(See the parent README for an overview over what ISDuBA is.)

Get Started

Decide how to test or setup your own ISDuBA instance.

1. Want to try ISDuBA for yourself? Try our Docker setup
2. Want to support the ISDuBA project with your own code? Here's how to setup a development instance of ISDuBA
3. Want to use ISDuBA for yourself or your organization? Here's how to setup ISDuBA for production
4. Having set up an instance of ISDuBA, you can read about what to do now within the first steps guide

When starting the application, you will be prompted to safe your aes_key. This can be ignored for test or development instances and is further explained in the aes-keys section of the security considerations documentation.

Docker-setup

The docker setup is not meant to be used in production.

Use docker compose to build and start the whole stack with

cd docker
docker compose build
docker compose up -d

The default configuration is inside docker/.env and can be used as provided.

A user user with password user with all roles will also be created. This user has the authorization to handle TLP WHITE and TLP GREEN advisories.

The application can then be reached under http://localhost:5371.

Docker-Keycloak (optional)

To try out different roles or users not included in the default Docker image, changes must be made through Keycloak. The docker image uses a Keycloak which can be reached under http://localhost:8080. The default admin-user set for the docker-Keycloak-instance is:

• Username: admin
• Password: secret

To find out how to create and manage users, read the Keycloak documentation. Note that the scripts are not designed for use with docker.

Development-setup

The setup should be performed via the installation scripts. on a Ubuntu 24.04 OS.

Run the application in a dev environment

To start the frontend via a vite dev-server:

cd client
npm run dev

This will start the client application and print the URL a browser could be pointed to.

ISDuBA's backend is called isdubad and is located under /cmd/isdubad/isdubad. An example-configuration for isdubad can be found in example_isdubad.toml. This example can be used as is. What each value represents is further explained in the config documentation. Per default, isdubad will expect the config file to be named isduba.toml and to be within your working directory. The setup-scripts will create a usable example-isduba.toml within the main directory.

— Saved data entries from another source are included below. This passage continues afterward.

(* For $\lambda=(\sigma,b,r)\in(0,\infty)^3$ let $\mathscr A_\lambda\subseteq\mathbb R^3$ be the global attractor of the semigroup generated by the Lorenz system $x'=-\sigma x+\sigma y$, $y'=rx-y-xz$, $z'=-bz+xy$. There is a residual and dense subset $\Lambda_*\subseteq(0,\infty)^3$ such that the map $(0,\infty)^3\to CB(\mathbb R^3)$, $\lambda\mapsto\mathscr A_\lambda$, is continuous at every $\lambda\in\Lambda_*$.
   Context: For each $\lambda\in(0,\infty)^3$ the Lorenz system generates a semigroup $S_\lambda(t)$ on $\mathbb R^3$ possessing a global attractor, i.e. a compact invariant set attracting every bounded set. $CB(\mathbb R^3)$ is the space of nonempty closed bounded subsets of $\mathbb R^3$ with the Hausdorff metric $\Delta(A,C)=\max(\sup_{a\in A}\inf_{c\in C}|a-c|,\sup_{c\in C}\inf_{a\in A}|a-c|)$. A set is residual if its complement is a countable union of nowhere dense sets. *)

theory Defs
  imports "HOL-Analysis.Analysis"
begin

type_synonym R3 = "real \<times> real \<times> real"

definition lorenz :: "R3 \<Rightarrow> R3 \<Rightarrow> R3" where
  "lorenz lam p = (case lam of (\<sigma>, b, r) \<Rightarrow> case p of (x, y, z) \<Rightarrow>
     (- \<sigma> * x + \<sigma> * y, r * x - y - x * z, - b * z + x * y))"

definition lorenz_solution :: "R3 \<Rightarrow> (real \<Rightarrow> R3) \<Rightarrow> bool" where
  "lorenz_solution lam u \<longleftrightarrow>
     (\<forall>s\<ge>0. (u has_vector_derivative lorenz lam (u s)) (at s within {0..}))"

definition lorenz_semigroup :: "R3 \<Rightarrow> real \<Rightarrow> R3 \<Rightarrow> R3" where
  "lorenz_semigroup lam t x = (THE y. \<exists>u. lorenz_solution lam u \<and> u 0 = x \<and> u t = y)"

Otherwise, you can point isdubad towards the configuration file via the -c option. An example:

./cmd/isdubad/isdubad -c isduba.toml

The keycloak server set up via the installation scripts, needed to be able to login and authorize yourself within ISDuBA, can be started with:

sudo -u keycloak /opt/keycloak/bin/kc.sh start-dev

Note that keycloak might take a while to start up.

After having made changes, the new application can be build via the Makefile:

make all

Upgrading

When upgrading from an older version, a migration is needed to configure the database by starting isdubad with the ISDUBA_DB_MIGRATE environment variable set to true or by adjusting the toml-configuration file, e.g.

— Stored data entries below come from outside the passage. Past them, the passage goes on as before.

(* Let $q$ be a prime power, $b,k,t$ positive integers with $b\le k$, and let $wt_b:\mathbb{F}_q^k\to\{0,b,b+1,\ldots,k\}$ be the $b$-symbol weight function. Let $g_1=0$ and $g_i=b+i-2$ for $2\le i\le k-b+2$. Then \[ r_b^{wt_b}(k,t)\le N_b\big(\boldsymbol{B}^{(2)}_{wt_b}(t,g_1,\ldots,g_{k-b+2})\big), \] where $\boldsymbol{B}^{(2)}_{wt_b}(t,g_1,\ldots,g_{k-b+2})$ is the $(k-b+2)\times(k-b+2)$ matrix with entries \[ [\boldsymbol{B}^{(2)}_{wt_b}]_{ij}=\begin{cases}0,& i=j,\\ 2t-\max\{i,j\}+2,& i\ne j\text{ and } (i=1\text{ or } j=1),\\ 2t,& i,j>1\text{ and } 0<|i-j|<b,\\ [2t+b-|i-j|]^+,& i,j>1\text{ and } |i-j|\ge b.\end{cases} \]
   Context: For $\boldsymbol{z}=(z_0,\ldots,z_{n-1}),\boldsymbol{w}\in\mathbb{F}_q^n$, $d_b(\boldsymbol{z},\boldsymbol{w})$ is the number of $i\in\{0,\ldots,n-1\}$ with $(z_i,\ldots,z_{i+b-1})\ne(w_i,\ldots,w_{i+b-1})$ (indices mod $n$), and $wt_b(\boldsymbol{x})=d_b(\boldsymbol{x},\boldsymbol{0})$. $[x]^+=\max\{x,0\}$. A systematic encoding $\mathrm{Enc}(\boldsymbol{x})=(\boldsymbol{x},p(\boldsymbol{x}))\in\mathbb{F}_q^{k+r}$ is a function-correcting $b$-symbol code for $f$ if $d_b(\mathrm{Enc}(\boldsymbol{x}_1),\mathrm{Enc}(\boldsymbol{x}_2))\ge 2t+1$ whenever $f(\boldsymbol{x}_1)\ne f(\boldsymbol{x}_2)$; $r_b^f(k,t)$ is the smallest $r$ for which one exists. For an $M\times M$ nonnegative integer matrix $\boldsymbol{B}$, $N_b(\boldsymbol{B})$ is the smallest $r$ such that there exist $\boldsymbol{p}_1,\ldots,\boldsymbol{p}_M\in\mathbb{F}_q^r$ (in some ordering) with $d_b(\boldsymbol{p}_i,\boldsymbol{p}_j)\ge[\boldsymbol{B}]_{ij}$ for all $i,j$. *)

theory Defs
  imports Main
begin

definition bsym_dist :: "nat \<Rightarrow> 'a list \<Rightarrow> 'a list \<Rightarrow> nat" where
  "bsym_dist b z w = card {i. i < length z \<and>
      (\<exists>j<b. z ! ((i + j) mod length z) \<noteq> w ! ((i + j) mod length z))}"

definition bsym_wt :: "nat \<Rightarrow> 'a::zero list \<Rightarrow> nat" where
  "bsym_wt b x = bsym_dist b x (replicate (length x) 0)"

definition is_fcbsc :: "nat \<Rightarrow> ('a list \<Rightarrow> 'c) \<Rightarrow> nat \<Rightarrow> nat \<Rightarrow> nat \<Rightarrow> ('a list \<Rightarrow> 'a list) \<Rightarrow> bool" where
  "is_fcbsc b f k t r p \<longleftrightarrow>
     (\<forall>x. length x = k \<longrightarrow> length (p x) = r) \<and>
     (\<forall>x1 x2. length x1 = k \<longrightarrow> length x2 = k \<longrightarrow> f x1 \<noteq> f x2 \<longrightarrow>
        2 * t + 1 \<le> bsym_dist b (x1 @ p x1) (x2 @ p x2))"

definition opt_redundancy :: "'a itself \<Rightarrow> nat \<Rightarrow> ('a list \<Rightarrow> 'c) \<Rightarrow> nat \<Rightarrow> nat \<Rightarrow> nat" where
  "opt_redundancy _ b f k t = (LEAST r. \<exists>p :: 'a list \<Rightarrow> 'a list. is_fcbsc b f k t r p)"

definition N_b :: "'a itself \<Rightarrow> nat \<Rightarrow> nat \<Rightarrow> (nat \<Rightarrow> nat \<Rightarrow> int) \<Rightarrow> nat" where
  "N_b _ b M B = (LEAST r. \<exists>P :: nat \<Rightarrow> 'a list.
      (\<forall>i\<in>{1..M}. length (P i) = r) \<and>
      (\<forall>i\<in>{1..M}. \<forall>j\<in>{1..M}. B i j \<le> int (bsym_dist b (P i) (P j))))"

definition B2_wt :: "nat \<Rightarrow> nat \<Rightarrow> nat \<Rightarrow> nat \<Rightarrow> int" where
  "B2_wt b t i j =
     (if i = j then 0
      else if i = 1 \<or> j = 1 then 2 * int t - int (max i j) + 2
      else if \<bar>int i - int j\<bar> < int b then 2 * int t
      else max (2 * int t + int b - \<bar>int i - int j\<bar>) 0)"

end

theory Submission
  imports Defs "HOL-Number_Theory.Cong"
begin

text \<open>Encode \<open>x\<close> by the word \<open>P i\<close> attached to its weight class, \<open>g\<^sub>i = wt\<^sub>b(x)\<close>.
  The b-symbol distance is almost additive under concatenation:
  \<open>d\<^sub>b(x\<^sub>1 p\<^sub>1, x\<^sub>2 p\<^sub>2) \<ge> d\<^sub>b(x\<^sub>1, x\<^sub>2) + d\<^sub>b(p\<^sub>1, p\<^sub>2) - (b - 1)\<close>.
  Count agreeing windows instead: such a window of the concatenation lies inside \<open>x\<close>,
  inside \<open>p\<close>, or crosses one of the two junctions.  If \<open>(p\<^sub>1, p\<^sub>2)\<close> has the shorter
  common prefix, a window agreeing across the junction from \<open>x\<close> into \<open>p\<close> also agrees
  cyclically in \<open>x\<close>, because its wrapped-around part is a prefix of \<open>x\<close> no longer than
  the agreeing prefix of \<open>p\<close>; at most \<open>b - 1\<close> windows cross the other junction.  The
  other case is symmetric after rotating \<open>x p\<close> to \<open>p x\<close>.
  Since two words of different weights have distance at least \<open>b\<close> and at least the
  difference of their weights, each case of the matrix \<open>B\<close> then gives
  \<open>d\<^sub>b(x\<^sub>1, x\<^sub>2) + B\<^sub>i\<^sub>j \<ge> 2t + b\<close>, hence distance at least \<open>2t + 1\<close>.\<close>

definition agree_windows :: "nat \<Rightarrow> 'a list \<Rightarrow> 'a list \<Rightarrow> nat set" where
  "agree_windows b z w = {i. i < length z \<and>
      (\<forall>j<b. z ! ((i + j) mod length z) = w ! ((i + j) mod length z))}"

lemma finite_agree_windows [simp]: "finite (agree_windows b z w)"
  unfolding agree_windows_def by auto

lemma bsym_dist_add_card_agree_windows:
  "bsym_dist b z w + card (agree_windows b z w) = length z"
proof -
  have "{i. i < length z \<and> (\<exists>j<b. z ! ((i + j) mod length z) \<noteq> w ! ((i + j) mod length z))}
      = {..<length z} - agree_windows b z w"
    by (auto simp: agree_windows_def)
  moreover have "agree_windows b z w \<subseteq> {..<length z}"
    by (auto simp: agree_windows_def)
  moreover from this have "card (agree_windows b z w) \<le> length z"
    by (metis card_lessThan card_mono finite_lessThan)
  ultimately show ?thesis
    unfolding bsym_dist_def by (simp add: card_Diff_subset)
qed

lemma bsym_dist_self [simp]: "bsym_dist b z z = 0"
  by (simp add: bsym_dist_def)

lemma bsym_dist_commute: "length w = length z \<Longrightarrow> bsym_dist b z w = bsym_dist b w z"
  unfolding bsym_dist_def by (rule arg_cong[where f = card]) auto

lemma bsym_dist_triangle:
  assumes "length y = length x" "length z = length x"
  shows "bsym_dist b x z \<le> bsym_dist b x y + bsym_dist b y z"
proof -
  define D where "D u v = {i. i < length x \<and>
      (\<exists>j<b. u ! ((i + j) mod length x) \<noteq> v ! ((i + j) mod length x))}" for u v :: "'a list"
  have "card (D x z) \<le> card (D x y \<union> D y z)"
    by (rule card_mono) (auto simp: D_def)
  also have "\<dots> \<le> card (D x y) + card (D y z)"
    by (rule card_Un_le)
  finally show ?thesis
    using assms by (simp add: bsym_dist_def D_def)
qed

lemma card_disagreements_le_bsym_dist:
  assumes "0 < b"
  shows "card {s. s < length z \<and> z ! s \<noteq> w ! s} \<le> bsym_dist b z w"
  unfolding bsym_dist_def using assms by (intro card_mono) auto

lemma b_le_bsym_dist:
  assumes "length y = length x" "b \<le> length x" "x \<noteq> y"
  shows "b \<le> bsym_dist b x y"
proof -
  let ?k = "length x"
  obtain s where s: "s < ?k" "x ! s \<noteq> y ! s"
    using assms(1,3) nth_equalityI by metis
  define f where "f m = (if m \<le> s then s - m else s + ?k - m)" for m
  have f: "f m < ?k \<and> (f m + m) mod ?k = s" if "m < b" for m
    using that assms(2) s(1) by (auto simp: f_def)
  have "inj_on f {..<b}"
    by (rule inj_onI) (use assms(2) in \<open>auto simp: f_def split: if_splits\<close>)
  moreover have "f ` {..<b} \<subseteq> {i. i < ?k \<and>
      (\<exists>j<b. x ! ((i + j) mod ?k) \<noteq> y ! ((i + j) mod ?k))}"
    using f s(2) by fastforce
  ultimately have "card (f ` {..<b}) \<le> bsym_dist b x y"
    unfolding bsym_dist_def by (intro card_mono) auto
  with \<open>inj_on f {..<b}\<close> show ?thesis
    by (simp add: card_image)
qed

lemma agree_windows_rotate:
  assumes "length w = length z" "i < length z"
  shows "i \<in> agree_windows b (rotate m z) (rotate m w)
    \<longleftrightarrow> (m + i) mod length z \<in> agree_windows b z w"
proof -
  have "rotate m u ! ((i + j) mod length z) = u ! (((m + i) mod length z + j) mod length z)"
    if "length u = length z" for u :: "'a list" and j
  proof -
    have "(i + j) mod length z < length u"
      using that assms(2) mod_less_divisor[of "length z" "i + j"] by linarith
    then show ?thesis
      using that by (simp add: nth_rotate mod_add_left_eq mod_add_right_eq add.assoc)
  qed
  moreover have "(m + i) mod length z < length z"
    using assms(2) mod_less_divisor[of "length z" "m + i"] by linarith
  ultimately show ?thesis
    using assms by (simp add: agree_windows_def)
qed

lemma card_agree_windows_rotate:
  assumes "length w = length z"
  shows "card (agree_windows b (rotate m z) (rotate m w)) = card (agree_windows b z w)"
proof -
  have le: "card (agree_windows b (rotate m z) (rotate m w)) \<le> card (agree_windows b z w)"
    if "length w = length z" for m and z w :: "'a list"
  proof (rule card_inj_on_le)
    have "inj_on (\<lambda>i. (m + i) mod length z) {..<length z}"
      by (rule inj_onI) (metis cong_def cong_add_lcancel_nat cong_less_modulus_unique_nat lessThan_iff)
    then show "inj_on (\<lambda>i. (m + i) mod length z) (agree_windows b (rotate m z) (rotate m w))"
      by (rule inj_on_subset) (auto simp: agree_windows_def)
    show "(\<lambda>i. (m + i) mod length z) ` agree_windows b (rotate m z) (rotate m w) \<subseteq> agree_windows b z w"
      using agree_windows_rotate[OF that] by (auto simp: agree_windows_def)
  qed simp
  show ?thesis
  proof (cases "z = []")
    case False
    define m' where "m' = length z - m mod length z"
    have "(m' + m) mod length z = 0"
      using False unfolding m'_def
      by (metis add.commute le_add_diff_inverse mod_add_left_eq mod_le_divisor mod_self length_greater_0_conv)
    then have "rotate m' (rotate m z) = z" "rotate m' (rotate m w) = w"
      using assms by (simp_all add: rotate_rotate)
    then show ?thesis
      using le[OF assms, of m] le[of "rotate m w" "rotate m z" m'] assms by simp
  qed (use assms in simp)
qed

lemma agree_windows_append_prefix:
  assumes "length x2 = length x1" "length p2 = length p1" "0 < b" "i + b \<le> length x1"
    and "i \<in> agree_windows b (x1 @ p1) (x2 @ p2)"
  shows "i \<in> agree_windows b x1 x2"
proof -
  have "x1 ! ((i + j) mod length x1) = x2 ! ((i + j) mod length x1)" if "j < b" for j
  proof -
    have "i + j < length x1"
      using that assms(4) by linarith
    then show ?thesis
      using assms(1,2,5) that by (auto simp: agree_windows_def nth_append)
  qed
  then show ?thesis
    using assms(3,4) by (simp add: agree_windows_def)
qed

lemma agree_windows_append_straddle:
  assumes "length x2 = length x1" "length p2 = length p1"
    and "i < length x1" "length x1 < i + b"
    and "i \<in> agree_windows b (x1 @ p1) (x2 @ p2)"
    and "take (i + b - length x1) p1 = take (i + b - length x1) p2
      \<Longrightarrow> take (i + b - length x1) x1 = take (i + b - length x1) x2"
  shows "i \<in> agree_windows b x1 x2"
proof -
  let ?k = "length x1" and ?n = "length x1 + length p1"
  define m where "m = i + b - ?k"
  have window: "(x1 @ p1) ! ((i + j) mod ?n) = (x2 @ p2) ! ((i + j) mod ?n)" if "j < b" for j
    using assms(1,2,5) that by (simp add: agree_windows_def)
  have "take m p1 = take m p2"
  proof (rule nth_equalityI)
    show "length (take m p1) = length (take m p2)"
      using assms(2) by simp
    fix s assume "s < length (take m p1)"
    then have "s < m" "s < length p1"
      by auto
    then have "(i + (?k - i + s)) mod ?n = ?k + s" "?k - i + s < b"
      using assms(3) m_def by auto
    then show "take m p1 ! s = take m p2 ! s"
      using window[of "?k - i + s"] \<open>s < m\<close> assms(1) by (simp add: nth_append)
  qed
  then have prefix: "x1 ! s = x2 ! s" if "s < m" for s
    using assms(6) that unfolding m_def by (metis nth_take)
  have "x1 ! ((i + j) mod ?k) = x2 ! ((i + j) mod ?k)" if "j < b" for j
  proof (cases "i + j < ?k")
    case True
    then show ?thesis
      using window[OF that] assms(1) by (simp add: nth_append)
  next
    case False
    then have "(i + j) mod ?k \<le> i + j - ?k"
      by (simp add: le_mod_geq)
    then show ?thesis
      using prefix False that m_def by simp
  qed
  then show ?thesis
    using assms(3) by (simp add: agree_windows_def)
qed

lemma common_prefixes_comparable:
  "(\<forall>m. take m xs = take m ys \<longrightarrow> take m us = take m vs)
    \<or> (\<forall>m. take m us = take m vs \<longrightarrow> take m xs = take m ys)"
proof (rule ccontr)
  assume "\<not> ?thesis"
  then obtain m1 m2 where "take m1 xs = take m1 ys" "take m1 us \<noteq> take m1 vs"
    and "take m2 us = take m2 vs" "take m2 xs \<noteq> take m2 ys"
    by blast
  then show False
    by (metis min.absorb1 min.absorb2 nat_le_linear take_take)
qed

ISDUBA_DB_MIGRATE=true ./cmd/isdubad/isdubad -c ./isduba.toml

Production-setup

You can download the latest stable release from github.

Building

Alternatively, to build the application the latest Golang version, NodeJS 20 and standard build tools, like GNU Make are required. At the root of the repo run make dist to build the frontend and backend; this will result in a Tar-file inside dist/ that contains the application. It can also be useful to look inside the Dockerfile of the application to see how individual components of the application can be built. If there are no special requirements it can be enough to use the already built tar-file from the release page.

Setup

The Tar-file can be copied and extracted on a production server. This file contains the isdubad backend, which can be run on any modern amd64 linux system and the frontend which is contained in the web/ folder. No further dependencies are required to start the application. By default the backend will serve the contents of web/. However, a PostgreSQL database and Keycloak instance are still necessary to properly access ISDuBA.

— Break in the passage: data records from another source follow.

(* Consider the DS-PSRL algorithm run on a parametrized MDP with scalar parameter satisfying the Lipschitz condition: there is $C$ with $\|P(\cdot\mid x,a,\theta)-P(\cdot\mid x,a,\theta')\|_1\le C|\theta-\theta'|$ for all $x,a$ and $\theta,\theta'\in\Theta\subseteq\mathbb{R}$, and whose differential value functions satisfy $h(x,\theta)\in[0,H]$. Let $m$ be the number of episodes up to time $T$, $M_j$ the number of steps in the $j$-th episode, and $\widetilde\theta_j$ the parameter sampled for episode $j$. Then \[ \mathbb{E}\Big[\sum_{t=1}^T\Delta_t\Big]\le CH\sqrt{T\,\mathbb{E}\Big[\sum_{j=1}^m M_j|\theta_*-\widetilde\theta_j|^2\Big]}. \]
   Context: Setting: parametrized MDP with state space $\mathcal{X}$, action space $\mathcal{A}$, known loss, known transition kernels $P(\cdot\mid x,a,\theta)$, unknown true parameter $\theta_*$ drawn from a known prior. $h(\cdot,\theta)$ is the differential value function of the average-cost Bellman optimality equation for parameter $\theta$. DS-PSRL: set $L=1$; at each $t$, if $t=L$ sample $\widetilde\theta_t$ from the current posterior and set $L\leftarrow2L$, else keep $\widetilde\theta_t=\widetilde\theta_{t-1}$; play the optimal action $a_t$ for parameter $\widetilde\theta_t$ at state $x_t$; observe $x_{t+1}\sim P(\cdot\mid x_t,a_t,\theta_* )$; update the posterior. An episode is a maximal run of steps with the same sampled parameter. With $h_t=h(\cdot,\widetilde\theta_t)$, define $\Delta_t=\int_{\mathcal{X}}\big(P(x\mid x_t,a_t,\theta_* )-P(x\mid x_t,a_t,\widetilde\theta_t)\big)h_t(x)\,dx$. *)

theory Defs
  imports "HOL-Probability.Probability"
begin

text \<open>Transition densities are written P y x a th = P(y | x, a, th), densities w.r.t.
  a reference measure mu on the state space.\<close>

definition Delta ::
  "'x measure \<Rightarrow> ('x \<Rightarrow> 'x \<Rightarrow> 'a \<Rightarrow> real \<Rightarrow> real) \<Rightarrow> ('x \<Rightarrow> real \<Rightarrow> real)
    \<Rightarrow> 'x \<Rightarrow> 'a \<Rightarrow> real \<Rightarrow> real \<Rightarrow> real" where
  "Delta mu P h x a thstar thtil =
     (\<integral>y. (P y x a thstar - P y x a thtil) * h y thtil \<partial>mu)"

definition sample_time :: "nat \<Rightarrow> bool" where
  "sample_time t \<longleftrightarrow> (\<exists>k. t = 2 ^ k)"

text \<open>Episode j (j \<ge> 1) consists of the times t with 2^(j-1) \<le> t < 2^j.\<close>
definition num_episodes :: "nat \<Rightarrow> nat" where
  "num_episodes T = card {j::nat. 1 \<le> j \<and> 2 ^ (j - 1) \<le> T}"

definition episode_length :: "nat \<Rightarrow> nat \<Rightarrow> nat" where
  "episode_length T j = card {t \<in> {1..T}. 2 ^ (j - 1) \<le> t \<and> t < 2 ^ j}"

end

theory Submission
  imports Defs "HOL-Library.Log_Nat"
begin

(*
  By the Lipschitz condition and 0 \<le> h \<le> H, the gap at time t is at most
  C H |\<theta>* - \<theta>_t|, whatever action was played. Cauchy-Schwarz over t \<le> T bounds the sum of these by
  C H sqrt (T \<Sum>_t |\<theta>* - \<theta>_t|^2), and since the sampled parameter \<theta>_t is constant on each
  episode the inner sum equals \<Sum>_j M_j |\<theta>* - \<theta>_j|^2. Finally E sqrt X \<le> sqrt (E X), by the
  nonnegativity of the variance of sqrt X. A negative Lipschitz constant forces every sampled
  parameter to be the true one, and then both sides vanish.
*)

lemma floorlog_2_eq_iff:
  assumes "0 < j"
  shows "floorlog 2 t = j \<longleftrightarrow> 2 ^ (j - 1) \<le> t \<and> t < 2 ^ j"
  using assms floorlog_le_iff[of 2 t j] floorlog_geI[of 2 j t] floorlog_geD[of j 2 t]
  by (auto simp: le_antisym)

lemma num_episodes_eq_floorlog: "num_episodes T = floorlog 2 T"
proof -
  have "{j::nat. 1 \<le> j \<and> 2 ^ (j - 1) \<le> T} = {1..floorlog 2 T}"
    using floorlog_geI[of 2 _ T] floorlog_geD[of _ 2 T] by auto
  then show ?thesis unfolding num_episodes_def by simp
qed

lemma episode_length_eq_card:
  assumes "0 < j"
  shows "episode_length T j = card {t \<in> {1..T}. floorlog 2 t = j}"
  unfolding episode_length_def using floorlog_2_eq_iff[OF assms] by metis

lemma constant_on_episode:
  assumes step: "\<And>t. 1 \<le> t \<Longrightarrow> \<not> sample_time (Suc t) \<Longrightarrow> f (Suc t) = f t"
    and "2 ^ (j - 1) \<le> t" and "t < (2::nat) ^ j"
  shows "f t = f (2 ^ (j - 1))"
  using assms(2,3)
proof (induction t rule: dec_induct)
  case base
  show ?case by simp
next
  case (step n)
  have "\<not> sample_time (Suc n)"
  proof
    assume "sample_time (Suc n)"
    then obtain k where k: "Suc n = 2 ^ k" unfolding sample_time_def by blast
    with step have "(2::nat) ^ (j - 1) < 2 ^ k" "(2::nat) ^ k < 2 ^ j" by linarith+
    then show False by simp
  qed
  moreover have "1 \<le> n" using step.hyps(1) one_le_power[of 2] by (metis le_trans one_le_numeral)
  ultimately show ?case using assms(1) step by simp
qed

See the Keycloak documentation on how to set up keycloak for your ISDuBA instance.

Configuring Postgres

In your Postgres database, create a keycloak user with password keycloak as well as a database keycloak which will be owned by the user keycloak:

psql -c "CREATE USER keycloak WITH PASSWORD 'keycloak';"
createdb -O keycloak -E 'UTF-8' keycloak

Next up, Postgres' client authentification configuration file has to be adjusted, by adding ISDuBA-directed configuration. Simply add

host    all             all             127.0.0.1/32            scram-sha-256
host    all             all             ::1/128                 scram-sha-256

to the end of the file. Read Postgres' pg_hba.conf file documentation for more information.

Running

For a quick start copy example_isdubad.toml to the folder where the application is contained. Configure the postgres and Keycloak settings and rename the file to isduba.toml. The application can now be started. For exposing the application to the network it is recommended to use a TLS-terminating reverse proxy.

Further documentation for production

See security_considerations for security and maintenance considerations.

If you need help to know how to configure keycloak as an identity management for ISDuBA, read our keycloak documentation.

Where and how to configure the ISDuBA application is outlined in isdubad-config.md.

If other problems still persist, see if they are outlined in the troubleshooting guide.